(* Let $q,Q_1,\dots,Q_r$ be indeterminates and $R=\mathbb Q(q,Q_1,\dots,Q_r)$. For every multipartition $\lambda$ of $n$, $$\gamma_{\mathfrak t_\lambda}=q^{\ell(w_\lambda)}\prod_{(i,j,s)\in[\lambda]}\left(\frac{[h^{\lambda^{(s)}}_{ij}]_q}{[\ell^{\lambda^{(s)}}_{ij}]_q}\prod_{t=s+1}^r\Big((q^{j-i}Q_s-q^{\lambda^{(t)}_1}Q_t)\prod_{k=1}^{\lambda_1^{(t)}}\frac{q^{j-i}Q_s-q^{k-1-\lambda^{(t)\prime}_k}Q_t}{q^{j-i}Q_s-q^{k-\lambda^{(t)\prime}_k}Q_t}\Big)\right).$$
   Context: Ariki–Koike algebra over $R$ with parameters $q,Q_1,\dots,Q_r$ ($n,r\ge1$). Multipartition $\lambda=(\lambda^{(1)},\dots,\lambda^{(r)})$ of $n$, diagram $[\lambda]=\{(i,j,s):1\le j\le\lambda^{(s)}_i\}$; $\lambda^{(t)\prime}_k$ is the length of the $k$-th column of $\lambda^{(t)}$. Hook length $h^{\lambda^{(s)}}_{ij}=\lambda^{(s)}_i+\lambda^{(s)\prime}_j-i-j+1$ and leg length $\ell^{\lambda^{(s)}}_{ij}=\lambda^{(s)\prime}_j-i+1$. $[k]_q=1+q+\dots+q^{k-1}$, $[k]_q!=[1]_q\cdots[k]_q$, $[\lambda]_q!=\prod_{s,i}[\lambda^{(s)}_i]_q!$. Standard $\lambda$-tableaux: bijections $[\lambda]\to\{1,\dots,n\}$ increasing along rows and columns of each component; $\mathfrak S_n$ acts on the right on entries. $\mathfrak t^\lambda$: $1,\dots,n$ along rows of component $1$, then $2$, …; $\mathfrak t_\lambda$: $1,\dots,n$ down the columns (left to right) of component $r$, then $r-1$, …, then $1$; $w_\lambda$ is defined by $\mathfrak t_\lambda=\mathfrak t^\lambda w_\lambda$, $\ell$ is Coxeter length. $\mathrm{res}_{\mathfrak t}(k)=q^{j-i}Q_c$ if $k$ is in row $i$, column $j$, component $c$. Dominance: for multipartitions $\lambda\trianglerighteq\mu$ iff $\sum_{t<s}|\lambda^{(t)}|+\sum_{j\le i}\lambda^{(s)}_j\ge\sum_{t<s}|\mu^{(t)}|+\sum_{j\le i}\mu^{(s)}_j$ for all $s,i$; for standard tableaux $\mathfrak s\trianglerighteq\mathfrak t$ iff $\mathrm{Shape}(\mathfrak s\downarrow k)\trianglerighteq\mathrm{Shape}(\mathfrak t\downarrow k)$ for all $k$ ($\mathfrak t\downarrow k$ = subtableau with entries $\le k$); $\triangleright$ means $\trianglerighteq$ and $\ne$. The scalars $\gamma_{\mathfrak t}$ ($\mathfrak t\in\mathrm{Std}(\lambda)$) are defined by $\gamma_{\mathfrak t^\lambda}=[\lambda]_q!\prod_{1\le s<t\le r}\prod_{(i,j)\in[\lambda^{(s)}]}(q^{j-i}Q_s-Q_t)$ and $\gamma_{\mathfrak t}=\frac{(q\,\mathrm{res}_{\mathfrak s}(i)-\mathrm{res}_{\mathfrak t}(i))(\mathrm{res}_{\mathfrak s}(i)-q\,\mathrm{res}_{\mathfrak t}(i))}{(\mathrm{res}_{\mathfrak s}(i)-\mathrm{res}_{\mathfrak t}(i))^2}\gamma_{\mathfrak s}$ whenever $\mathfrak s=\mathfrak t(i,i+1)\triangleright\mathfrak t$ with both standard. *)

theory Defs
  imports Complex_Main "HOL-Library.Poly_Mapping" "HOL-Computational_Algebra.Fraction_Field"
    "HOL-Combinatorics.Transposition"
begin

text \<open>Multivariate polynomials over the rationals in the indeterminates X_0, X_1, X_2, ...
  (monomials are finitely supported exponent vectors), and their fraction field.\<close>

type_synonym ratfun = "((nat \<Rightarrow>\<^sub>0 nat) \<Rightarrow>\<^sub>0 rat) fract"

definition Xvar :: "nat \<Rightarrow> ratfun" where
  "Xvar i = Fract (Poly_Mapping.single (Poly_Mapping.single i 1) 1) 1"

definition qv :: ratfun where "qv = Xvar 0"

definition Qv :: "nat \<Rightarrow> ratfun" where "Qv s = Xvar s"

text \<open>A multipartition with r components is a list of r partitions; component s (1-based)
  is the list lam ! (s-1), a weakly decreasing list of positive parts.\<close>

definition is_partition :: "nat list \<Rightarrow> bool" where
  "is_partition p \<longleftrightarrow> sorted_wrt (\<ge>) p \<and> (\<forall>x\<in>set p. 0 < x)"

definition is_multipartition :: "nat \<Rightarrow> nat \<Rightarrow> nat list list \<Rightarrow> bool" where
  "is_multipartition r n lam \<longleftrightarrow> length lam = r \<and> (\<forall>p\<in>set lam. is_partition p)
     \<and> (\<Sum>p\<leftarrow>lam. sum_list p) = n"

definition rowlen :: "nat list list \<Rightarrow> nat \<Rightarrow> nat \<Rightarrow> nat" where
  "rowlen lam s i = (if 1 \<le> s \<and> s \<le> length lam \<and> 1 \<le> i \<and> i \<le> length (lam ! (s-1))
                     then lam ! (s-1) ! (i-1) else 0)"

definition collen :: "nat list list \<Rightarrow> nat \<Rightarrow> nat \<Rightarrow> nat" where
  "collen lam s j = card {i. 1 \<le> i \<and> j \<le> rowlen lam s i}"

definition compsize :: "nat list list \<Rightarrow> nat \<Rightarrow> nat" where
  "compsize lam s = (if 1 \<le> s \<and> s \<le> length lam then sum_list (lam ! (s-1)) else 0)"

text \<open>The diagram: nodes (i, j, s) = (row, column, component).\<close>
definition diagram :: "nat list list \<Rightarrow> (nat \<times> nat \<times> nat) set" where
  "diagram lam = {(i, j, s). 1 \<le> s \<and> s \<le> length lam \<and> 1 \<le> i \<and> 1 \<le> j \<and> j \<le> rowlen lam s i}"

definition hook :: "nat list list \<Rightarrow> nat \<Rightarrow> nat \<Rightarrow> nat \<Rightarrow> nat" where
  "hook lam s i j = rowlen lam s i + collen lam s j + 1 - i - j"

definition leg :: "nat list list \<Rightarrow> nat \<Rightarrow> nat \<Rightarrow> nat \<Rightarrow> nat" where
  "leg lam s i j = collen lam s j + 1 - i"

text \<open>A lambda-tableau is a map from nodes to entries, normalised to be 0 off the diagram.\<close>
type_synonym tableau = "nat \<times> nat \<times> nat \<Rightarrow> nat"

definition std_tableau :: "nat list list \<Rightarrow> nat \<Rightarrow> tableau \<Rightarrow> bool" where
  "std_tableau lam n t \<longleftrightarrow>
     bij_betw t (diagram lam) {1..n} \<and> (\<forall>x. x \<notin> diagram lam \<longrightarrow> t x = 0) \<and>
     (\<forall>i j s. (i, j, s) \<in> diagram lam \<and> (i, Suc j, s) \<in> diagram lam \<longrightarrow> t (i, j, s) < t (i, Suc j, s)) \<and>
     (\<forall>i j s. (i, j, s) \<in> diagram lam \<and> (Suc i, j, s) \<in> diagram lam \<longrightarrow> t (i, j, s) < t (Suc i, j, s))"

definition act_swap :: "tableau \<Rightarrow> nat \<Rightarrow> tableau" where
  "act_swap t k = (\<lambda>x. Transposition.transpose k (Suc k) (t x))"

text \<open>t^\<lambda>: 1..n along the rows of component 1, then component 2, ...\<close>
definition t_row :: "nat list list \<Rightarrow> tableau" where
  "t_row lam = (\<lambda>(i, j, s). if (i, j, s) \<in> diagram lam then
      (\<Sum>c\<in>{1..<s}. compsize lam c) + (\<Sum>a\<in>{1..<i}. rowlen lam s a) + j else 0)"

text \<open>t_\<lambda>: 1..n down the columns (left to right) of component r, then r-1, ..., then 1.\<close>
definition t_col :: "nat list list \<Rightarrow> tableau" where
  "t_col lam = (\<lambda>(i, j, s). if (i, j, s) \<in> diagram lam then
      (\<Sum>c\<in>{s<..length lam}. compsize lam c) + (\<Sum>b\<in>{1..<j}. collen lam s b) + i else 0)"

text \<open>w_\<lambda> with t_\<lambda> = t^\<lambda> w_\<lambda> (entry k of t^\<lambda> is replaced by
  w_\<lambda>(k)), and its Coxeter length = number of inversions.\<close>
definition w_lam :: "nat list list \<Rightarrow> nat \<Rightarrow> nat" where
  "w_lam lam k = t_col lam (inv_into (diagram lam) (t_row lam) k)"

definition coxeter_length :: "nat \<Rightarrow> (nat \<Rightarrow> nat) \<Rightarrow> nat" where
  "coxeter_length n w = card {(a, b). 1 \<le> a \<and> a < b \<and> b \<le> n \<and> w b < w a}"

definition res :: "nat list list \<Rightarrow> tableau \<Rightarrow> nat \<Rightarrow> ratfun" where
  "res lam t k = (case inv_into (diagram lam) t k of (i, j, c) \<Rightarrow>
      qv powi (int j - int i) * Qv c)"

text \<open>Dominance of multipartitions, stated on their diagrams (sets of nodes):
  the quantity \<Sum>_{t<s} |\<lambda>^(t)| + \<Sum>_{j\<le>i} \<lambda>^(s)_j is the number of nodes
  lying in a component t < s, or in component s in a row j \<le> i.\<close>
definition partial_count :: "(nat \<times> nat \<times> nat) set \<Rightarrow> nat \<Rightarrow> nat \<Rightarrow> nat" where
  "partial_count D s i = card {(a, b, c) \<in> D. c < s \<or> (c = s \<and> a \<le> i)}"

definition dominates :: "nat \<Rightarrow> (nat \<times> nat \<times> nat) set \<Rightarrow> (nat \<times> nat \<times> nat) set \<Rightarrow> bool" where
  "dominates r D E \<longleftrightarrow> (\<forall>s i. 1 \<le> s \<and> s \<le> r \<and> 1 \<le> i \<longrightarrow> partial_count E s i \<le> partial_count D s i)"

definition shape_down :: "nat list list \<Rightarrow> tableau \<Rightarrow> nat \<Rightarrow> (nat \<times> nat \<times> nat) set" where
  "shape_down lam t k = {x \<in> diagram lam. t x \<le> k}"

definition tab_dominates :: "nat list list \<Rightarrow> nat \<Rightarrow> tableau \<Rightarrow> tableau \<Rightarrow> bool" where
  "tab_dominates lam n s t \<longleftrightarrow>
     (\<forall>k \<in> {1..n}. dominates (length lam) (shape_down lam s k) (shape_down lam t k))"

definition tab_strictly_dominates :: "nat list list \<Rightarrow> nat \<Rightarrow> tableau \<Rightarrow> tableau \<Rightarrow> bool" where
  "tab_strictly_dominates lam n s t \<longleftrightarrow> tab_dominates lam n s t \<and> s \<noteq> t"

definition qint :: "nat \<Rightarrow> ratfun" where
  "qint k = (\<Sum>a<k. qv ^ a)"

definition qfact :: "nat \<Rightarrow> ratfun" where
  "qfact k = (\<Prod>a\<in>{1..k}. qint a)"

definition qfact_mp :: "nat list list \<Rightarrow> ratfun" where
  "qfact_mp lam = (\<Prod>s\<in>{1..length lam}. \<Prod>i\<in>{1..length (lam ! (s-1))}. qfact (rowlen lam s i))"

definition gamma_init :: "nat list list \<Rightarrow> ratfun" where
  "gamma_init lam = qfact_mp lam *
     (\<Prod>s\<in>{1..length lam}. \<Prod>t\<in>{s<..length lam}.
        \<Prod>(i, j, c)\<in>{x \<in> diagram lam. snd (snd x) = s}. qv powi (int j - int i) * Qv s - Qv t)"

========

#### Activity:
Reply with the number of lines above in which the word "longleftrightarrow" appears, and with nothing else.

#### Solution to the problem:
6